- **ASSIGNMENT**
Repeat each record below exactly as it is written.

#### INFORMATION SHOWN

(* Assume $\bar p=\mu\cdot\mathbf p=1/2$. There is a constant $A>0$ such that for every initial distribution $\eta$ on $\mathcal R$ and all $n\ge1$, $$E_\eta\Big[\Big(\sum_{i=1}^n(\tilde G_i-1)\Big)^4\Big]\le An^2.$$
   Context: Let $\mathcal R=\{1,\dots,N\}$ and let $K$ be a stochastic matrix on $\mathcal R$ whose Markov chain has a unique closed irreducible subset; let $\mu$ (row vector) be its unique stationary distribution. Fix $p:\mathcal R\to(0,1)$, $\mathbf p=(p(1),\dots,p(N))^t$. Under $P_\eta$, $(R_j)_{j\ge1}$ is a Markov chain with transition matrix $K$ and $R_1\sim\eta$, and given $(R_j)$ the $\xi(j)$ are independent Bernoulli$(p(R_j))$. Let $F_m=\inf\{k\ge0:\sum_{j=1}^{k+m}\xi(j)=m\}$ (number of failures before the $m$-th success), $F_0=0$, and $\tilde G_m=F_m-F_{m-1}$. *)

theory Defs
  imports "HOL-Probability.Probability"
begin

text \<open>Markov kernel on a finite state space 's (playing the role of R = {1..N}).\<close>

definition stochastic_matrix :: "('s::finite \<Rightarrow> 's \<Rightarrow> real) \<Rightarrow> bool" where
  "stochastic_matrix K \<longleftrightarrow> (\<forall>x y. 0 \<le> K x y) \<and> (\<forall>x. (\<Sum>y\<in>UNIV. K x y) = 1)"

definition prob_vector :: "('s::finite \<Rightarrow> real) \<Rightarrow> bool" where
  "prob_vector \<eta> \<longleftrightarrow> (\<forall>x. 0 \<le> \<eta> x) \<and> (\<Sum>x\<in>UNIV. \<eta> x) = 1"

definition stationary :: "('s::finite \<Rightarrow> 's \<Rightarrow> real) \<Rightarrow> ('s \<Rightarrow> real) \<Rightarrow> bool" where
  "stationary K \<mu> \<longleftrightarrow> prob_vector \<mu> \<and> (\<forall>y. (\<Sum>x\<in>UNIV. \<mu> x * K x y) = \<mu> y)"

definition reaches :: "('s \<Rightarrow> 's \<Rightarrow> real) \<Rightarrow> 's \<Rightarrow> 's \<Rightarrow> bool" where
  "reaches K x y \<longleftrightarrow> (x, y) \<in> {(a, b). 0 < K a b}\<^sup>*"

definition closed_set :: "('s \<Rightarrow> 's \<Rightarrow> real) \<Rightarrow> 's set \<Rightarrow> bool" where
  "closed_set K C \<longleftrightarrow> (\<forall>x\<in>C. \<forall>y. 0 < K x y \<longrightarrow> y \<in> C)"

definition closed_irreducible :: "('s \<Rightarrow> 's \<Rightarrow> real) \<Rightarrow> 's set \<Rightarrow> bool" where
  "closed_irreducible K C \<longleftrightarrow> C \<noteq> {} \<and> closed_set K C \<and> (\<forall>x\<in>C. \<forall>y\<in>C. reaches K x y)"

text \<open>The joint law P_eta of (R_j, xi(j))_{j>=1}: R Markov(eta, K), and given R the xi(j)
  independent Bernoulli(p(R_j)); characterised by all finite-dimensional distributions.\<close>

definition has_law ::
  "('s::finite \<Rightarrow> 's \<Rightarrow> real) \<Rightarrow> ('s \<Rightarrow> real) \<Rightarrow> ('s \<Rightarrow> real) \<Rightarrow> 'a measure
     \<Rightarrow> (nat \<Rightarrow> 'a \<Rightarrow> 's) \<Rightarrow> (nat \<Rightarrow> 'a \<Rightarrow> bool) \<Rightarrow> bool" where
  "has_law K p \<eta> M R \<xi> \<longleftrightarrow>
     prob_space M \<and>
     (\<forall>j. R j \<in> measurable M (count_space UNIV)) \<and>
     (\<forall>j. \<xi> j \<in> measurable M (count_space UNIV)) \<and>
     (\<forall>m rs bs. 1 \<le> m \<longrightarrow> length rs = m \<longrightarrow> length bs = m \<longrightarrow>
        measure M {\<omega> \<in> space M. \<forall>j<m. R (Suc j) \<omega> = rs ! j \<and> \<xi> (Suc j) \<omega> = bs ! j}
        = \<eta> (rs ! 0) * (\<Prod>j<m - 1. K (rs ! j) (rs ! Suc j))
            * (\<Prod>j<m. if bs ! j then p (rs ! j) else 1 - p (rs ! j)))"

text \<open>F_m = number of failures before the m-th success: least k with sum_{j=1}^{k+m} xi(j) = m.\<close>

definition failures :: "(nat \<Rightarrow> 'a \<Rightarrow> bool) \<Rightarrow> nat \<Rightarrow> 'a \<Rightarrow> nat" where
  "failures \<xi> m \<omega> = (LEAST k. (\<Sum>j=1..k+m. (if \<xi> j \<omega> then 1 else 0 :: nat)) = m)"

########

- **RESPONSE AREA**
(* Assume $\bar p=\mu\cdot\mathbf p=1/2$. There is a constant $A>0$ such that for every initial distribution $\eta$ on $\mathcal R$ and all $n\ge1$, $$E_\eta\Big[\Big(\sum_{i=1}^n(\tilde G_i-1)\Big)^4\Big]\le An^2.$$
   Context: Let $\mathcal R=\{1,\dots,N\}$ and let $K$ be a stochastic matrix on $\mathcal R$ whose Markov chain has a unique closed irreducible subset; let $\mu$ (row vector) be its unique stationary distribution. Fix $p:\mathcal R\to(0,1)$, $\mathbf p=(p(1),\dots,p(N))^t$. Under $P_\eta$, $(R_j)_{j\ge1}$ is a Markov chain with transition matrix $K$ and $R_1\sim\eta$, and given $(R_j)$ the $\xi(j)$ are independent Bernoulli$(p(R_j))$. Let $F_m=\inf\{k\ge0:\sum_{j=1}^{k+m}\xi(j)=m\}$ (number of failures before the $m$-th success), $F_0=0$, and $\tilde G_m=F_m-F_{m-1}$. *)

theory Defs
  imports "HOL-Probability.Probability"
begin

text \<open>Markov kernel on a finite state space 's (playing the role of R = {1..N}).\<close>

definition stochastic_matrix :: "('s::finite \<Rightarrow> 's \<Rightarrow> real) \<Rightarrow> bool" where
  "stochastic_matrix K \<longleftrightarrow> (\<forall>x y. 0 \<le> K x y) \<and> (\<forall>x. (\<Sum>y\<in>UNIV. K x y) = 1)"

definition prob_vector :: "('s::finite \<Rightarrow> real) \<Rightarrow> bool" where
  "prob_vector \<eta> \<longleftrightarrow> (\<forall>x. 0 \<le> \<eta> x) \<and> (\<Sum>x\<in>UNIV. \<eta> x) = 1"

definition stationary :: "('s::finite \<Rightarrow> 's \<Rightarrow> real) \<Rightarrow> ('s \<Rightarrow> real) \<Rightarrow> bool" where
  "stationary K \<mu> \<longleftrightarrow> prob_vector \<mu> \<and> (\<forall>y. (\<Sum>x\<in>UNIV. \<mu> x * K x y) = \<mu> y)"

definition reaches :: "('s \<Rightarrow> 's \<Rightarrow> real) \<Rightarrow> 's \<Rightarrow> 's \<Rightarrow> bool" where
  "reaches K x y \<longleftrightarrow> (x, y) \<in> {(a, b). 0 < K a b}\<^sup>*"

definition closed_set :: "('s \<Rightarrow> 's \<Rightarrow> real) \<Rightarrow> 's set \<Rightarrow> bool" where
  "closed_set K C \<longleftrightarrow> (\<forall>x\<in>C. \<forall>y. 0 < K x y \<longrightarrow> y \<in> C)"

definition closed_irreducible :: "('s \<Rightarrow> 's \<Rightarrow> real) \<Rightarrow> 's set \<Rightarrow> bool" where
  "closed_irreducible K C \<longleftrightarrow> C \<noteq> {} \<and> closed_set K C \<and> (\<forall>x\<in>C. \<forall>y\<in>C. reaches K x y)"

text \<open>The joint law P_eta of (R_j, xi(j))_{j>=1}: R Markov(eta, K), and given R the xi(j)
  independent Bernoulli(p(R_j)); characterised by all finite-dimensional distributions.\<close>

definition has_law ::
  "('s::finite \<Rightarrow> 's \<Rightarrow> real) \<Rightarrow> ('s \<Rightarrow> real) \<Rightarrow> ('s \<Rightarrow> real) \<Rightarrow> 'a measure
     \<Rightarrow> (nat \<Rightarrow> 'a \<Rightarrow> 's) \<Rightarrow> (nat \<Rightarrow> 'a \<Rightarrow> bool) \<Rightarrow> bool" where
  "has_law K p \<eta> M R \<xi> \<longleftrightarrow>
     prob_space M \<and>
     (\<forall>j. R j \<in> measurable M (count_space UNIV)) \<and>
     (\<forall>j. \<xi> j \<in> measurable M (count_space UNIV)) \<and>
     (\<forall>m rs bs. 1 \<le> m \<longrightarrow> length rs = m \<longrightarrow> length bs = m \<longrightarrow>
        measure M {\<omega> \<in> space M. \<forall>j<m. R (Suc j) \<omega> = rs ! j \<and> \<xi> (Suc j) \<omega> = bs ! j}
        = \<eta> (rs ! 0) * (\<Prod>j<m - 1. K (rs ! j) (rs ! Suc j))
            * (\<Prod>j<m. if bs ! j then p (rs ! j) else 1 - p (rs ! j)))"

text \<open>F_m = number of failures before the m-th success: least k with sum_{j=1}^{k+m} xi(j) = m.\<close>

definition failures :: "(nat \<Rightarrow> 'a \<Rightarrow> bool) \<Rightarrow> nat \<Rightarrow> 'a \<Rightarrow> nat" where
  "failures \<xi> m \<omega> = (LEAST k. (\<Sum>j=1..k+m. (if \<xi> j \<omega> then 1 else 0 :: nat)) = m)"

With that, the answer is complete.